# Blue Galaxy Rasbora?



## Matt Havens (5 Jul 2017)

Noticed how blue this little guy was thought it was worth sharing 
Sorry for the bad photo and bad algea  










Sent from my SM-G900F using Tapatalk


----------



## GHNelson (5 Jul 2017)

Love him/her....


----------



## splatteredbrainz (5 Jul 2017)

They really are gorgeous fish. Vaguely reminiscent of the patterning on a rainbow trout

Sent from my SM-G730V using Tapatalk


----------



## jellyfish6 (7 Jul 2017)

Looks like a Galaxy cross with this (Emerald Dwarf) http://www.tropical-fish-keeping.co...sbora-erythromicron.html#sthash.BwSH2awG.dpbs  Note the spot near the tail fin.


----------



## alto (7 Jul 2017)

jellyfish6 said:


> Galaxy cross


Possibly 
BUT look at the wild collected "aberrant form" shown in the Seriously Fish Profile

- this may be a naturally occurring cross but description terminology hints otherwise




Matt Havens said:


> worth sharing


Thanks for the pix, maybe just the photo but fish appears to be lacking body "depth" - if this is typical of the group I'd feed some sort of deworming food (metronidazole may be sufficient & definitely better tolerated than fenbendazole, both may be (more readily) available as bird dewormers, just check other ingredients)


----------



## Matt Havens (21 Aug 2017)

alto said:


> Possibly
> BUT look at the wild collected "aberrant form" shown in the Seriously Fish Profile
> 
> - this may be a naturally occurring cross but description terminology hints otherwise
> ...


Thanks alto, since I bought them this particular one although I did not notice the colour at the beginning I have always thought it was a ' longer and leaner' fish compared to the rest of the shoal.

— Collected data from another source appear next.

(* Let $n\ge 2$ and let $\Phi\subset\mathbb{R}^3$ be a root system of type $I_2(n)$ lying in a 2-dimensional subspace of $\mathbb{R}^3$, with unit simple roots $\alpha_1,\alpha_2$ (so $\alpha_1\cdot\alpha_2=-\cos\frac{\pi}{n}$). Let $P$ be the group generated under the geometric product by $\Phi\cup\{e_1e_2e_3\}$ and let $G=P\cap\mathrm{Cl}^+(3)$. Then $G$, regarded as a set of vectors in the 4-dimensional Euclidean space $(\mathrm{Cl}^+(3),(\cdot,\cdot))$, is a root system of type $I_2(n)\oplus I_2(n)$, and $\{\alpha_1\alpha_1,\ \alpha_1\alpha_2,\ \alpha_1e_1e_2e_3,\ \alpha_2e_1e_2e_3\}$ is a set of simple roots for it, with Cartan matrix $$\begin{pmatrix}2&-2\cos\frac{\pi}{n}&0&0\\-2\cos\frac{\pi}{n}&2&0&0\\0&0&2&-2\cos\frac{\pi}{n}\\0&0&-2\cos\frac{\pi}{n}&2\end{pmatrix}.$$
   Context: $\mathrm{Cl}(3)$ is the real Clifford algebra of Euclidean $\mathbb{R}^3$ with orthonormal basis $e_1,e_2,e_3$ ($e_i^2=1$, $e_ie_j=-e_je_i$ for $i\neq j$); vectors of $\mathbb{R}^3$ are elements of $\mathrm{Cl}(3)$ and $e_1e_2e_3$ is the pseudoscalar (inversion). The even subalgebra $\mathrm{Cl}^+(3)$ is spanned by $1,e_2e_3,e_3e_1,e_1e_2$. Reversal $\tilde{\ }$ reverses the order of vector factors. The spinor inner product $(R_1,R_2)=\tfrac12(R_1\tilde R_2+R_2\tilde R_1)$ makes $\mathrm{Cl}^+(3)$ a 4D Euclidean space with orthonormal basis $1,e_2e_3,e_3e_1,e_1e_2$. A root system is a finite set $\Phi$ of nonzero vectors spanning its linear span, with $\Phi\cap\mathbb{R}\alpha=\{\pm\alpha\}$ and $s_\alpha(\Phi)=\Phi$ for all $\alpha\in\Phi$, where $s_\alpha(x)=x-2\frac{(x,\alpha)}{(\alpha,\alpha)}\alpha$. The Cartan matrix of simple roots $\beta_i$ is $A_{ij}=2(\beta_i,\beta_j)/(\beta_i,\beta_i)$. $I_2(n)$ is the rank-2 root system of the dihedral group of order $2n$; $I_2(n)\oplus I_2(n)$ is the union of two copies in mutually orthogonal planes. *)

theory Defs
  imports "HOL-Analysis.Analysis"
begin

text \<open>A multivector of Cl(3) is given by its 8 coordinates with respect to the basis
  1, e1, e2, e3, e2e3, e3e1, e1e2, e1e2e3 (in this order).\<close>

datatype cl3 = Cl3 (cs: real) (c1: real) (c2: real) (c3: real)
                   (c23: real) (c31: real) (c12: real) (c123: real)

text \<open>The geometric product, determined by e_i e_i = 1 and e_i e_j = - e_j e_i (i \<noteq> j).\<close>

definition clmul :: "cl3 \<Rightarrow> cl3 \<Rightarrow> cl3" (infixl "\<odot>" 70) where
  "a \<odot> b = Cl3
     (cs a * cs b + c1 a * c1 b + c2 a * c2 b + c3 a * c3 b - c23 a * c23 b - c31 a * c31 b - c12 a * c12 b - c123 a * c123 b)
     (cs a * c1 b + c1 a * cs b - c2 a * c12 b + c3 a * c31 b - c23 a * c123 b - c31 a * c3 b + c12 a * c2 b - c123 a * c23 b)
     (cs a * c2 b + c1 a * c12 b + c2 a * cs b - c3 a * c23 b + c23 a * c3 b - c31 a * c123 b - c12 a * c1 b - c123 a * c31 b)
     (cs a * c3 b - c1 a * c31 b + c2 a * c23 b + c3 a * cs b - c23 a * c2 b + c31 a * c1 b - c12 a * c123 b - c123 a * c12 b)
     (cs a * c23 b + c1 a * c123 b + c2 a * c3 b - c3 a * c2 b + c23 a * cs b - c31 a * c12 b + c12 a * c31 b + c123 a * c1 b)
     (cs a * c31 b - c1 a * c3 b + c2 a * c123 b + c3 a * c1 b + c23 a * c12 b + c31 a * cs b - c12 a * c23 b + c123 a * c2 b)
     (cs a * c12 b + c1 a * c2 b - c2 a * c1 b + c3 a * c123 b - c23 a * c31 b + c31 a * c23 b + c12 a * cs b + c123 a * c3 b)
     (cs a * c123 b + c1 a * c23 b + c2 a * c31 b + c3 a * c12 b + c23 a * c1 b + c31 a * c2 b + c12 a * c3 b + c123 a * cs b)"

Sent from my SM-A520F using Tapatalk


----------



## Matt Havens (21 Aug 2017)

splatteredbrainz said:


> They really are gorgeous fish. Vaguely reminiscent of the patterning on a rainbow trout
> 
> Sent from my SM-G730V using Tapatalk


I think this is what drew me to them in the first place. Very trouty  

Sent from my SM-A520F using Tapatalk


----------